We will never see the change we make.

Despite these constant reminders its hard not to get discouraged. Most of the projects, due to a lack of commitment, money issues, misunderstandings, or what have you, have failed. Small projects, such as setting up gardens or co-ops get my hopes up, and then a month or so later turn into disappointments. This late in the game I don’t even know if I can say I’m giving it my all anymore.

Its hard.

At the same time I sit here and look back on the past year and half I’ve spent in Africa, living a life that would be hard to even comprehend in America, and think fondly of it. It’s a bit of a paradox. A sense of failure mixed with accomplishment.

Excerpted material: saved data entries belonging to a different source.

(* Let $(T,X)$ be a semiflow, where $T$ is a topological monoid such that $\bigcap_{s\in F}Ts\ne\emptyset$ for every finite $F\subseteq T$, and $X$ is a Hausdorff uniform space. Let $x\in X$ be such that $\overline{Tx}$ is compact and $\omega[x]\subseteq\mathtt{Equi}(T,X)$. Then $\omega[x]$ is a minimal subset of $X$, $\omega[x]\subseteq\mathtt{RE}(T,X)$, and $x\in\mathtt{AAP}(T,X)$. If in addition $T$ is an amenable semigroup, then $(T,\omega[x])$ is an a.p. subdynamic.
   Context: $\mathscr U_X$ is a compatible symmetric uniformity; $\varepsilon[A]=\{y:\exists a\in A,(a,y)\in\varepsilon\}$. $\omega[x]=\{w\in X:$ for every neighborhood $U$ of $w$ and every $s\in T$ there is $t\in T$ with $tsx\in U\}$. $\mathtt{Equi}(T,X)$ is the set of $x$ such that for every $\varepsilon\in\mathscr U_X$ there is a neighborhood $U$ of $x$ with $(tx,ty)\in\varepsilon$ for all $t\in T$, $y\in U$. $\mathtt{RE}(T,X)$ (Birkhoff recurrent points) is the set of $x$ such that for every $\varepsilon\in\mathscr U_X$ there is a compact $K\subseteq T$ with $Tx\subseteq\varepsilon[Ktx]$ for all $t\in T$. $A\subseteq T$ is syndetic if there is compact $K$ with $Kt\cap A\ne\emptyset$ for all $t$; $y$ is a.p. if its return-time sets to neighborhoods are syndetic. $\mathtt{AAP}(T,X)$ is the set of $x$ for which there is an a.p. point $y$ such that for every $\varepsilon\in\mathscr U_X$ there is $s\in T$ with $(tsx,tsy)\in\varepsilon$ for all $t\in T$. A minimal subset is a nonempty closed invariant set with no proper nonempty closed invariant subset. $(T,Z)$ is an a.p. dynamic if for every $\alpha$ there is a syndetic $A$ with $Az\subseteq\alpha[z]$ for all $z\in Z$. *)

theory Defs
  imports "HOL-Analysis.Analysis"
begin

definition semiflow :: "('t::topological_monoid_mult \<Rightarrow> 'x::topological_space \<Rightarrow> 'x) \<Rightarrow> bool" where
  "semiflow act \<longleftrightarrow> continuous_on UNIV (\<lambda>p. act (fst p) (snd p))
     \<and> (\<forall>x. act 1 x = x) \<and> (\<forall>s t x. act (s * t) x = act s (act t x))"

definition UX :: "('x::uniform_space \<times> 'x) set set" where
  "UX = {E. eventually (\<lambda>p. p \<in> E) uniformity \<and> sym E}"

definition ent_image :: "('x \<times> 'x) set \<Rightarrow> 'x set \<Rightarrow> 'x set" where
  "ent_image E A = {y. \<exists>a\<in>A. (a, y) \<in> E}"

definition orbit :: "('t \<Rightarrow> 'x \<Rightarrow> 'x) \<Rightarrow> 'x \<Rightarrow> 'x set" where
  "orbit act x = range (\<lambda>t. act t x)"

definition omega_set :: "('t \<Rightarrow> 'x::topological_space \<Rightarrow> 'x) \<Rightarrow> 'x \<Rightarrow> 'x set" where
  "omega_set act x = {w. \<forall>U. open U \<and> w \<in> U \<longrightarrow> (\<forall>s. \<exists>t. act t (act s x) \<in> U)}"

definition Equi :: "('t \<Rightarrow> 'x::uniform_space \<Rightarrow> 'x) \<Rightarrow> 'x set" where
  "Equi act = {x. \<forall>\<epsilon>\<in>UX. \<exists>U. open U \<and> x \<in> U \<and> (\<forall>t. \<forall>y\<in>U. (act t x, act t y) \<in> \<epsilon>)}"

definition RE :: "('t::topological_space \<Rightarrow> 'x::uniform_space \<Rightarrow> 'x) \<Rightarrow> 'x set" where
  "RE act = {x. \<forall>\<epsilon>\<in>UX. \<exists>K. compact K \<and>
     (\<forall>t. orbit act x \<subseteq> ent_image \<epsilon> ((\<lambda>k. act k (act t x)) ` K))}"

definition syndetic :: "'t::{topological_space, times} set \<Rightarrow> bool" where
  "syndetic A \<longleftrightarrow> (\<exists>K. compact K \<and> (\<forall>t. (\<lambda>k. k * t) ` K \<inter> A \<noteq> {}))"

definition ap_point :: "('t::{topological_space, times} \<Rightarrow> 'x::topological_space \<Rightarrow> 'x) \<Rightarrow> 'x \<Rightarrow> bool" where
  "ap_point act y \<longleftrightarrow> (\<forall>U. open U \<and> y \<in> U \<longrightarrow> syndetic {t. act t y \<in> U})"

definition AAP :: "('t::{topological_space, times} \<Rightarrow> 'x::uniform_space \<Rightarrow> 'x) \<Rightarrow> 'x set" where
  "AAP act = {x. \<exists>y. ap_point act y \<and>
     (\<forall>\<epsilon>\<in>UX. \<exists>s. \<forall>t. (act t (act s x), act t (act s y)) \<in> \<epsilon>)}"

definition invariant :: "('t \<Rightarrow> 'x \<Rightarrow> 'x) \<Rightarrow> 'x set \<Rightarrow> bool" where
  "invariant act M \<longleftrightarrow> (\<forall>t. act t ` M \<subseteq> M)"

definition minimal_set :: "('t \<Rightarrow> 'x::topological_space \<Rightarrow> 'x) \<Rightarrow> 'x set \<Rightarrow> bool" where
  "minimal_set act M \<longleftrightarrow> M \<noteq> {} \<and> closed M \<and> invariant act M \<and>
     (\<forall>N. N \<subseteq> M \<and> N \<noteq> {} \<and> closed N \<and> invariant act N \<longrightarrow> N = M)"

definition ap_dynamic :: "('t::{topological_space, times} \<Rightarrow> 'x::uniform_space \<Rightarrow> 'x) \<Rightarrow> 'x set \<Rightarrow> bool" where
  "ap_dynamic act Z \<longleftrightarrow> (\<forall>\<alpha>\<in>UX. \<exists>A. syndetic A \<and> (\<forall>z\<in>Z. \<forall>a\<in>A. act a z \<in> ent_image \<alpha> {z}))"

definition Cb :: "('t::topological_space \<Rightarrow> real) set" where
  "Cb = {f. continuous_on UNIV f \<and> bounded (range f)}"

definition amenable :: "'t::{topological_space, times} itself \<Rightarrow> bool" where
  "amenable _ \<longleftrightarrow> (\<exists>m :: ('t \<Rightarrow> real) \<Rightarrow> real.
      (\<forall>f\<in>Cb. \<forall>g\<in>Cb. \<forall>a b. m (\<lambda>s. a * f s + b * g s) = a * m f + b * m g)
    \<and> (\<forall>f\<in>Cb. (\<forall>s. f s \<ge> 0) \<longrightarrow> m f \<ge> 0)
    \<and> m (\<lambda>_. 1) = 1
    \<and> (\<forall>f\<in>Cb. \<forall>t. m (\<lambda>s. f (t * s)) = m f))"

end

(*
  Equicontinuity at the points of \<omega>[x] makes \<omega>[x] minimal: if a closed invariant N \<subseteq> \<omega>[x] contains n,
  the orbit of x comes close to n, and equicontinuity at n carries this approach along, so the orbit
  of n \<subseteq> N comes close to every point of \<omega>[x]. In the compact minimal set \<omega>[x] every orbit visits each
  open set after one of finitely many times, which gives almost periodicity and Birkhoff recurrence.

  For x \<in> AAP, the Ellis--Numakura lemma yields an idempotent u in the compact semigroup of those maps
  of the enveloping semigroup that factor through every act s; then y = u x lies in \<omega>[x] and is
  proximal to x, and equicontinuity at y turns proximality into uniform closeness of shifted orbits.

  If T is amenable, an invariant mean forces every act r to map \<omega>[x] onto itself (a Urysohn function
  vanishing on act r ` \<omega>[x] would have mean zero, although finitely many of its translates sum to at
  least 1/2). The maps act t on \<omega>[x] form a totally bounded family, so among the powers of any f two
  act almost alike; surjectivity then gives k with k * f almost the identity, and a finite net of
  such k * f provides the syndetic sets of the a.p. property.
*)

theory Submission
  imports Defs
begin

section \<open>Symmetric entourages\<close>

lemma UX_eventually: "E \<in> UX \<Longrightarrow> eventually (\<lambda>p. p \<in> E) uniformity"
  by (simp add: UX_def)

lemma UX_sym: "E \<in> UX \<Longrightarrow> (a, b) \<in> E \<Longrightarrow> (b, a) \<in> E"
  by (simp add: UX_def sym_def)

lemma UX_refl: "E \<in> UX \<Longrightarrow> (a, a) \<in> E"
  using UX_eventually uniformity_refl by fastforce

lemma UX_Int: "E \<in> UX \<Longrightarrow> F \<in> UX \<Longrightarrow> E \<inter> F \<in> UX"
  by (auto simp: UX_def sym_def intro: eventually_conj)

lemma UX_INT: "finite A \<Longrightarrow> (\<And>a. a \<in> A \<Longrightarrow> G a \<in> UX) \<Longrightarrow> (\<Inter>a\<in>A. G a) \<in> UX"
proof (induction A rule: finite_induct)
  case empty
  show ?case by (simp add: UX_def sym_def)
next
  case (insert a A)
  then show ?case by (simp add: UX_Int)
qed

lemma UX_symmetrize:
  assumes "eventually (\<lambda>p. p \<in> D) uniformity"
  shows "{(a, b). (a, b) \<in> D \<and> (b, a) \<in> D} \<in> UX"
proof -
  have "eventually (\<lambda>(a, b). (b, a) \<in> D) uniformity"
    using uniformity_sym[of "\<lambda>p. p \<in> D"] assms by (simp add: case_prod_unfold)
  with assms have "eventually (\<lambda>p. p \<in> D \<and> (snd p, fst p) \<in> D) uniformity"
    by eventually_elim (auto simp: case_prod_unfold)
  then show ?thesis
    by (simp add: UX_def sym_def case_prod_unfold)
qed

lemma UX_transE:
  assumes "E \<in> UX"
  obtains D where "D \<in> UX" "\<And>a b c. (a, b) \<in> D \<Longrightarrow> (b, c) \<in> D \<Longrightarrow> (a, c) \<in> E"
proof -
  obtain D where D: "eventually D uniformity" "\<And>a b c. D (a, b) \<Longrightarrow> D (b, c) \<Longrightarrow> (a, c) \<in> E"
    using uniformity_transE[OF UX_eventually[OF assms]] by metis
  have "{(a, b). (a, b) \<in> Collect D \<and> (b, a) \<in> Collect D} \<in> UX"
    by (rule UX_symmetrize) (simp add: D(1))
  with D(2) show ?thesis
    using that by blast
qed

lemma UX_trans3E:
  assumes "E \<in> UX"
  obtains D where "D \<in> UX"
    "\<And>a b c d. (a, b) \<in> D \<Longrightarrow> (b, c) \<in> D \<Longrightarrow> (c, d) \<in> D \<Longrightarrow> (a, d) \<in> E"
proof -
  obtain D1 where D1: "D1 \<in> UX" "\<And>a b c. (a, b) \<in> D1 \<Longrightarrow> (b, c) \<in> D1 \<Longrightarrow> (a, c) \<in> E"
    using UX_transE[OF assms] by metis
  obtain D2 where D2: "D2 \<in> UX" "\<And>a b c. (a, b) \<in> D2 \<Longrightarrow> (b, c) \<in> D2 \<Longrightarrow> (a, c) \<in> D1"
    using UX_transE[OF D1(1)] by metis
  have "(a, d) \<in> E" if "(a, b) \<in> D2" "(b, c) \<in> D2" "(c, d) \<in> D2" for a b c d
    using D1(2)[OF D2(2)[OF that(1,2)] D2(2)[OF that(3) UX_refl[OF D2(1)]]] .
  with D2(1) show ?thesis
    using that by blast
qed

lemma UX_nhdsE:
  assumes "E \<in> UX"
  obtains U where "open U" "w \<in> U" "\<And>y. y \<in> U \<Longrightarrow> (w, y) \<in> E"
proof -
  have "eventually (\<lambda>(x', y). x' = w \<longrightarrow> (w, y) \<in> E) uniformity"
    using UX_eventually[OF assms] by eventually_elim auto
  then have "eventually (\<lambda>y. (w, y) \<in> E) (nhds w)"
    by (simp add: eventually_nhds_uniformity)
  then show ?thesis
    using that unfolding eventually_nhds by blast
qed

lemma open_UXE:
  assumes "open U" "w \<in> U"
  obtains E where "E \<in> UX" "\<And>y. (w, y) \<in> E \<Longrightarrow> y \<in> U"
proof -
  let ?D = "{(a, b). a = w \<longrightarrow> b \<in> U}"
  have "eventually (\<lambda>(x', y). x' = w \<longrightarrow> y \<in> U) uniformity"
    using assms open_uniformity by blast
  then have "eventually (\<lambda>p. p \<in> ?D) uniformity"
    by (simp add: case_prod_unfold)
  then have "{(a, b). (a, b) \<in> ?D \<and> (b, a) \<in> ?D} \<in> UX"
    by (rule UX_symmetrize)
  then show ?thesis
    using that by blast
qed

lemma closed_UX_approx_mem:
  assumes "closed N" "\<And>E. E \<in> UX \<Longrightarrow> \<exists>y\<in>N. (w, y) \<in> E"
  shows "w \<in> N"
proof (rule ccontr)
  assume "w \<notin> N"
  then obtain E where "E \<in> UX" "\<And>y. (w, y) \<in> E \<Longrightarrow> y \<in> - N"
    using open_UXE[of "- N" w] assms(1) by auto
  then show False
    using assms(2) by fastforce
qed

lemma compact_UX_netE:
  assumes "compact S" "E \<in> UX"
  obtains Z where "Z \<subseteq> S" "finite Z" "\<And>z. z \<in> S \<Longrightarrow> \<exists>z0\<in>Z. (z0, z) \<in> E"
proof -
  have "\<forall>z. \<exists>V. open V \<and> z \<in> V \<and> (\<forall>v\<in>V. (z, v) \<in> E)"
    using UX_nhdsE[OF assms(2)] by metis
  then obtain V where V: "\<And>z. open (V z)" "\<And>z. z \<in> V z" "\<And>z v. v \<in> V z \<Longrightarrow> (z, v) \<in> E"
    by metis
  obtain Z where Z: "Z \<subseteq> S" "finite Z" "S \<subseteq> (\<Union>z\<in>Z. V z)"
    using compactE_image[OF assms(1), of S V] V(1,2) by blast
  have "\<exists>z0\<in>Z. (z0, z) \<in> E" if "z \<in> S" for z
    using Z(3) that V(3) by blast
  with Z(1,2) show ?thesis
    using that by blast
qed

lemma Hausdorff_space_euclidean_t2: "Hausdorff_space (euclidean :: 'a::t2_space topology)"
  unfolding Hausdorff_space_def disjnt_def by (metis hausdorff open_openin)

lemma compact_imp_closed_fun:
  fixes S :: "('a \<Rightarrow> 'b::t2_space) set"
  assumes "compact S"
  shows "closed S"
proof -
  have "Hausdorff_space (product_topology (\<lambda>_. euclidean :: 'b topology) (UNIV :: 'a set))"
    by (simp add: Hausdorff_space_product_topology Hausdorff_space_euclidean_t2)
  then have "Hausdorff_space (euclidean :: ('a \<Rightarrow> 'b) topology)"
    by (simp add: euclidean_product_topology)
  with assms show ?thesis
    by (metis closed_closedin compactin_euclidean_iff compactin_imp_closedin)
qed

lemma open_fun_component: "open U \<Longrightarrow> open {f. f i \<in> U}"
  using open_vimage[OF _ continuous_on_product_coordinates] by (simp add: vimage_def)

lemma closed_fun_component: "closed K \<Longrightarrow> closed {f. f i \<in> K}"
  using closed_vimage[OF _ continuous_on_product_coordinates] by (simp add: vimage_def)

lemma continuous_on_comp_right: "continuous_on S (\<lambda>p::'a \<Rightarrow> 'b::topological_space. p \<circ> q)"
  by (rule continuous_on_coordinatewise_then_product)
     (simp add: o_def continuous_on_subset[OF continuous_on_product_coordinates])

lemma mem_closure_iff_open: "w \<in> closure S \<longleftrightarrow> (\<forall>U. open U \<and> w \<in> U \<longrightarrow> U \<inter> S \<noteq> {})"
proof
  show "w \<in> closure S \<Longrightarrow> \<forall>U. open U \<and> w \<in> U \<longrightarrow> U \<inter> S \<noteq> {}"
    using open_Int_closure_eq_empty by blast
  assume "\<forall>U. open U \<and> w \<in> U \<longrightarrow> U \<inter> S \<noteq> {}"
  then have "w \<notin> - closure S"
    using closure_subset[of S] by blast
  then show "w \<in> closure S"
    by blast
qed
(* Let $p,q\ge0$ be integers and $\alpha=(\alpha_1,\dots,\alpha_p)$, $\beta=(\beta_1,\dots,\beta_q)$ with all $\alpha_i>0,\beta_j>0$. Let ${}_p\rho_q(n)=n!\,\frac{(\beta_1)_n\cdots(\beta_q)_n}{(\alpha_1)_n\cdots(\alpha_p)_n}$, ${}_pF_q(\alpha,\beta;x)=\sum_{n\ge0}\frac{x^n}{{}_p\rho_q(n)}$, and for $w$ with $|w|^2$ strictly inside the disc of convergence let $|w;\alpha,\beta\rangle={}_pF_q(\alpha,\beta;|w|^2)^{-1/2}\sum_{n\ge0}\frac{w^n}{\sqrt{{}_p\rho_q(n)}}|n\rangle$ in the Hilbert space with orthonormal basis $\{|n\rangle\}_{n\ge0}$, where $\hat n|n\rangle=n|n\rangle$. Let $\Omega>0$, $\tau=2\pi/\Omega$, $k\ge1$ an integer, and $z$ with $|z|^2$ strictly inside the disc of convergence. Then $$e^{-i\Omega(\tau/k)\hat n^2}|z;\alpha,\beta\rangle=\frac1k\sum_{j=0}^{k-1}\sum_{l=0}^{k-1}e^{-2\pi i j(j+l)/k}\,|ze^{2\pi i l/k};\alpha,\beta\rangle .$$
   Context: $(a)_n=a(a+1)\cdots(a+n-1)$, $(a)_0=1$, is the Pochhammer symbol. The series ${}_pF_q$ converges for all $x$ if $p\le q$ and for $|x|<1$ if $p=q+1$. The operator $e^{-i\Omega t\hat n^2}$ acts by $|n\rangle\mapsto e^{-i\Omega t n^2}|n\rangle$. *)

theory Defs
  imports "HOL-Analysis.Analysis"
begin

definition rho :: "real list \<Rightarrow> real list \<Rightarrow> nat \<Rightarrow> real" where
  "rho \<alpha> \<beta> n = fact n * (\<Prod>b\<leftarrow>\<beta>. pochhammer b n) / (\<Prod>a\<leftarrow>\<alpha>. pochhammer a n)"

definition hypF :: "real list \<Rightarrow> real list \<Rightarrow> real \<Rightarrow> real" where
  "hypF \<alpha> \<beta> x = (\<Sum>n. x ^ n / rho \<alpha> \<beta> n)"

definition hypF_radius :: "real list \<Rightarrow> real list \<Rightarrow> ereal" where
  "hypF_radius \<alpha> \<beta> = conv_radius (\<lambda>n. 1 / rho \<alpha> \<beta> n)"

text \<open>States in the Hilbert space with orthonormal basis |n>, represented by their
  coefficient sequences n \<mapsto> <n|psi>.  The coherent state |w;alpha,beta>:\<close>
definition coh :: "real list \<Rightarrow> real list \<Rightarrow> complex \<Rightarrow> nat \<Rightarrow> complex" where
  "coh \<alpha> \<beta> w n = complex_of_real (hypF \<alpha> \<beta> ((cmod w)\<^sup>2) powr (-1/2))
      * w ^ n / complex_of_real (sqrt (rho \<alpha> \<beta> n))"

definition evol :: "real \<Rightarrow> real \<Rightarrow> (nat \<Rightarrow> complex) \<Rightarrow> nat \<Rightarrow> complex" where
  "evol \<Omega> t \<psi> n = exp (- \<i> * complex_of_real (\<Omega> * t * (real n)\<^sup>2)) * \<psi> n"

end

theory Submission
  imports Defs
begin

text \<open>
  Writing \<open>e(m) = exp(2\<pi>i m/k)\<close> (\<open>unity_root k m\<close> below), rotating
  \<open>z\<close> by \<open>e(l)\<close> multiplies the \<open>n\<close>-th coefficient of \<open>|z;\<alpha>,\<beta>\<rangle>\<close> by \<open>e(l n)\<close>, while
  \<open>exp(-i\<Omega>(\<tau>/k)n\<^sup>2) = e(-n\<^sup>2)\<close>.  Since \<open>-j(j+l) + l n = -j\<^sup>2 + (n-j) l\<close>, the sum over \<open>l\<close>
  is \<open>k\<close> if \<open>j \<equiv> n (mod k)\<close> and \<open>0\<close> otherwise, so only \<open>j = n mod k\<close> survives, giving
  \<open>e(-(n mod k)\<^sup>2) = e(-n\<^sup>2)\<close>.
\<close>

definition unity_root :: "nat \<Rightarrow> int \<Rightarrow> complex" where
  "unity_root k m = exp (2 * pi * \<i> * of_int m / of_nat k)"

lemma norm_unity_root [simp]: "cmod (unity_root k m) = 1"
  unfolding unity_root_def by (simp add: norm_exp_eq_Re)

lemma unity_root_add: "unity_root k (a + b) = unity_root k a * unity_root k b"
  unfolding unity_root_def by (simp add: add_divide_distrib distrib_left exp_add)

lemma unity_root_mult_of_nat: "unity_root k (m * int n) = unity_root k m ^ n"
  unfolding unity_root_def by (simp flip: exp_of_nat_mult add: mult_ac)

lemma unity_root_multiple: "k > 0 \<Longrightarrow> unity_root k (int k * q) = 1"
  unfolding unity_root_def by (simp add: mult_ac)

lemma unity_root_eq_1_iff:
  assumes "k > 0"
  shows "unity_root k m = 1 \<longleftrightarrow> int k dvd m"
proof
  assume "unity_root k m = 1"
  then obtain q :: int where "2 * pi * real_of_int m / real k = real_of_int (2 * q) * pi"
    unfolding unity_root_def exp_eq_1 by auto
  then have "real_of_int m = real_of_int (int k * q)"
    using assms by (simp add: field_simps)
  then show "int k dvd m"
    by (simp only: of_int_eq_iff) simp
qed (use assms unity_root_multiple in auto)

lemma unity_root_cong:
  assumes "int k dvd a - b"
  shows "unity_root k a = unity_root k b"
proof (cases "k = 0")
  case True
  then show ?thesis using assms by simp
next
  case False
  obtain q where "a = b + int k * q"
    using assms by (metis dvd_def diff_add_cancel add.commute)
  then show ?thesis using False by (simp add: unity_root_add unity_root_multiple)
qed

lemma sum_unity_root:
  assumes "k > 0"
  shows "(\<Sum>l<k. unity_root k (m * int l)) = (if int k dvd m then of_nat k else 0)"
proof -
  have "(\<Sum>l<k. unity_root k (m * int l)) = (\<Sum>l<k. unity_root k m ^ l)"
    by (simp add: unity_root_mult_of_nat)
  moreover have "unity_root k m ^ k = 1"
    using assms by (simp flip: unity_root_mult_of_nat add: unity_root_eq_1_iff)
  ultimately show ?thesis
    using assms by (simp add: unity_root_eq_1_iff sum_gp_strict)
qed

lemma int_dvd_diff_iff_eq_mod:
  assumes "j < k"
  shows "int k dvd int n - int j \<longleftrightarrow> j = n mod k"
proof -
  have "int k dvd int n - int j \<longleftrightarrow> n mod k = j mod k"
    by (simp flip: mod_eq_dvd_iff zmod_int)
  then show ?thesis using assms by auto
qed

lemma sum_unity_root_quadratic:
  assumes k: "k > 0"
  shows "(1 / of_nat k) * (\<Sum>j<k. \<Sum>l<k. unity_root k (- int (j * (j + l))) * unity_root k (int l * int n))
    = unity_root k (- (int n)\<^sup>2)"
proof -
  have summand: "unity_root k (- int (j * (j + l))) * unity_root k (int l * int n)
      = unity_root k (- (int j)\<^sup>2) * unity_root k ((int n - int j) * int l)" for j l
  proof -
    have "- int (j * (j + l)) + int l * int n = - (int j)\<^sup>2 + (int n - int j) * int l"
      by (simp add: power2_eq_square algebra_simps)
    then show ?thesis by (metis unity_root_add)
  qed
  have "(\<Sum>j<k. \<Sum>l<k. unity_root k (- int (j * (j + l))) * unity_root k (int l * int n))
      = (\<Sum>j<k. unity_root k (- (int j)\<^sup>2) * (if int k dvd int n - int j then of_nat k else 0))"
    unfolding summand by (simp add: sum_unity_root[OF k] flip: sum_distrib_left)
  also have "\<dots> = (\<Sum>j<k. if j = n mod k then of_nat k * unity_root k (- (int j)\<^sup>2) else 0)"
    by (intro sum.cong) (auto simp: int_dvd_diff_iff_eq_mod)
  also have "\<dots> = of_nat k * unity_root k (- (int (n mod k))\<^sup>2)"
    using k by (simp add: sum.delta')
  also have "unity_root k (- (int (n mod k))\<^sup>2) = unity_root k (- (int n)\<^sup>2)"
  proof (rule unity_root_cong)
    have "(int n)\<^sup>2 mod int k = (int (n mod k))\<^sup>2 mod int k"
      by (simp add: of_nat_mod power_mod)
    then show "int k dvd - (int (n mod k))\<^sup>2 - - (int n)\<^sup>2"
      by (simp add: mod_eq_dvd_iff)
  qed
  finally show ?thesis using k by simp
qed

lemma coh_mult_unimodular:
  assumes "cmod u = 1"
  shows "coh \<alpha> \<beta> (z * u) n = u ^ n * coh \<alpha> \<beta> z n"
  unfolding coh_def using assms by (simp add: norm_mult power_mult_distrib)

lemma evol_fractional_revival_time:
  assumes "\<Omega> \<noteq> 0"
  shows "evol \<Omega> ((2 * pi / \<Omega>) / real k) \<psi> n = unity_root k (- (int n)\<^sup>2) * \<psi> n"
proof -
  have "\<Omega> * (2 * pi / \<Omega> / real k) * (real n)\<^sup>2 = 2 * pi * (real n)\<^sup>2 / real k"
    using assms by simp
  then show ?thesis
    by (simp add: evol_def unity_root_def mult_ac)
qed

theorem mainTheorem4:
  fixes \<alpha> \<beta> :: "real list" and \<Omega> :: real and k :: nat and z :: complex
  assumes "\<forall>a\<in>set \<alpha>. a > 0" and "\<forall>b\<in>set \<beta>. b > 0"
    and "\<Omega> > 0" and "k \<ge> 1"
    and "ereal ((cmod z)\<^sup>2) < hypF_radius \<alpha> \<beta>"
  shows "evol \<Omega> ((2 * pi / \<Omega>) / real k) (coh \<alpha> \<beta> z) =
    (\<lambda>n. (1 / of_nat k) * (\<Sum>j<k. \<Sum>l<k.
        exp (- 2 * pi * \<i> * of_nat (j * (j + l)) / of_nat k)
        * coh \<alpha> \<beta> (z * exp (2 * pi * \<i> * of_nat l / of_nat k)) n))"
proof -
  have k: "k > 0" using \<open>k \<ge> 1\<close> by simp
  have summand: "exp (- 2 * pi * \<i> * of_nat (j * (j + l)) / of_nat k)
        * coh \<alpha> \<beta> (z * exp (2 * pi * \<i> * of_nat l / of_nat k)) n
      = unity_root k (- int (j * (j + l))) * unity_root k (int l * int n) * coh \<alpha> \<beta> z n" for j l n
  proof -
    have "exp (- 2 * pi * \<i> * of_nat (j * (j + l)) / of_nat k) = unity_root k (- int (j * (j + l)))"
      and "exp (2 * pi * \<i> * of_nat l / of_nat k) = unity_root k (int l)"
      by (simp_all add: unity_root_def)
    then show ?thesis by (simp add: coh_mult_unimodular unity_root_mult_of_nat)
  qed
  have coefficient: "(1 / of_nat k) * (\<Sum>j<k. \<Sum>l<k.
        unity_root k (- int (j * (j + l))) * unity_root k (int l * int n) * coh \<alpha> \<beta> z n)
      = evol \<Omega> ((2 * pi / \<Omega>) / real k) (coh \<alpha> \<beta> z) n" for n
    unfolding sum_distrib_right[symmetric] mult.assoc[symmetric] sum_unity_root_quadratic[OF k]
    using \<open>\<Omega> > 0\<close> by (subst evol_fractional_revival_time) auto
  show ?thesis
    unfolding summand coefficient ..
qed

end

The skills I’ll take away from this are far to interpersonal and deeply rooted to accurately explain. I’m certain that I can tolerate just about any work condition. I’m sure that when (if) I get a real job there wont be a task to hard, boring, or useless for me to take on. I’m also afraid I wont be able to share, in the true sense, how important this has been in my life.
Stories will be told, but details left out.

Memories related but meaning lost.


Merry X-mass if I don’t post before then!

Saturday, December 12, 2009

I Havn't Forgotten...

Its been about 5 months since my last post. Sorry about that. The thing is that when I finally sit down in front of a computer I find myself far too tired or busy or distracted to really write anything.

I've actually been writing alot! We have a new news letter here in country by PCV's for PCV's. I've taken on the responsibility (because I dont know how to say no, and it makes up for my laziness at site) of editing the poor thing. When there isnt an article to full room, I write one up. I'm rather enjoying it!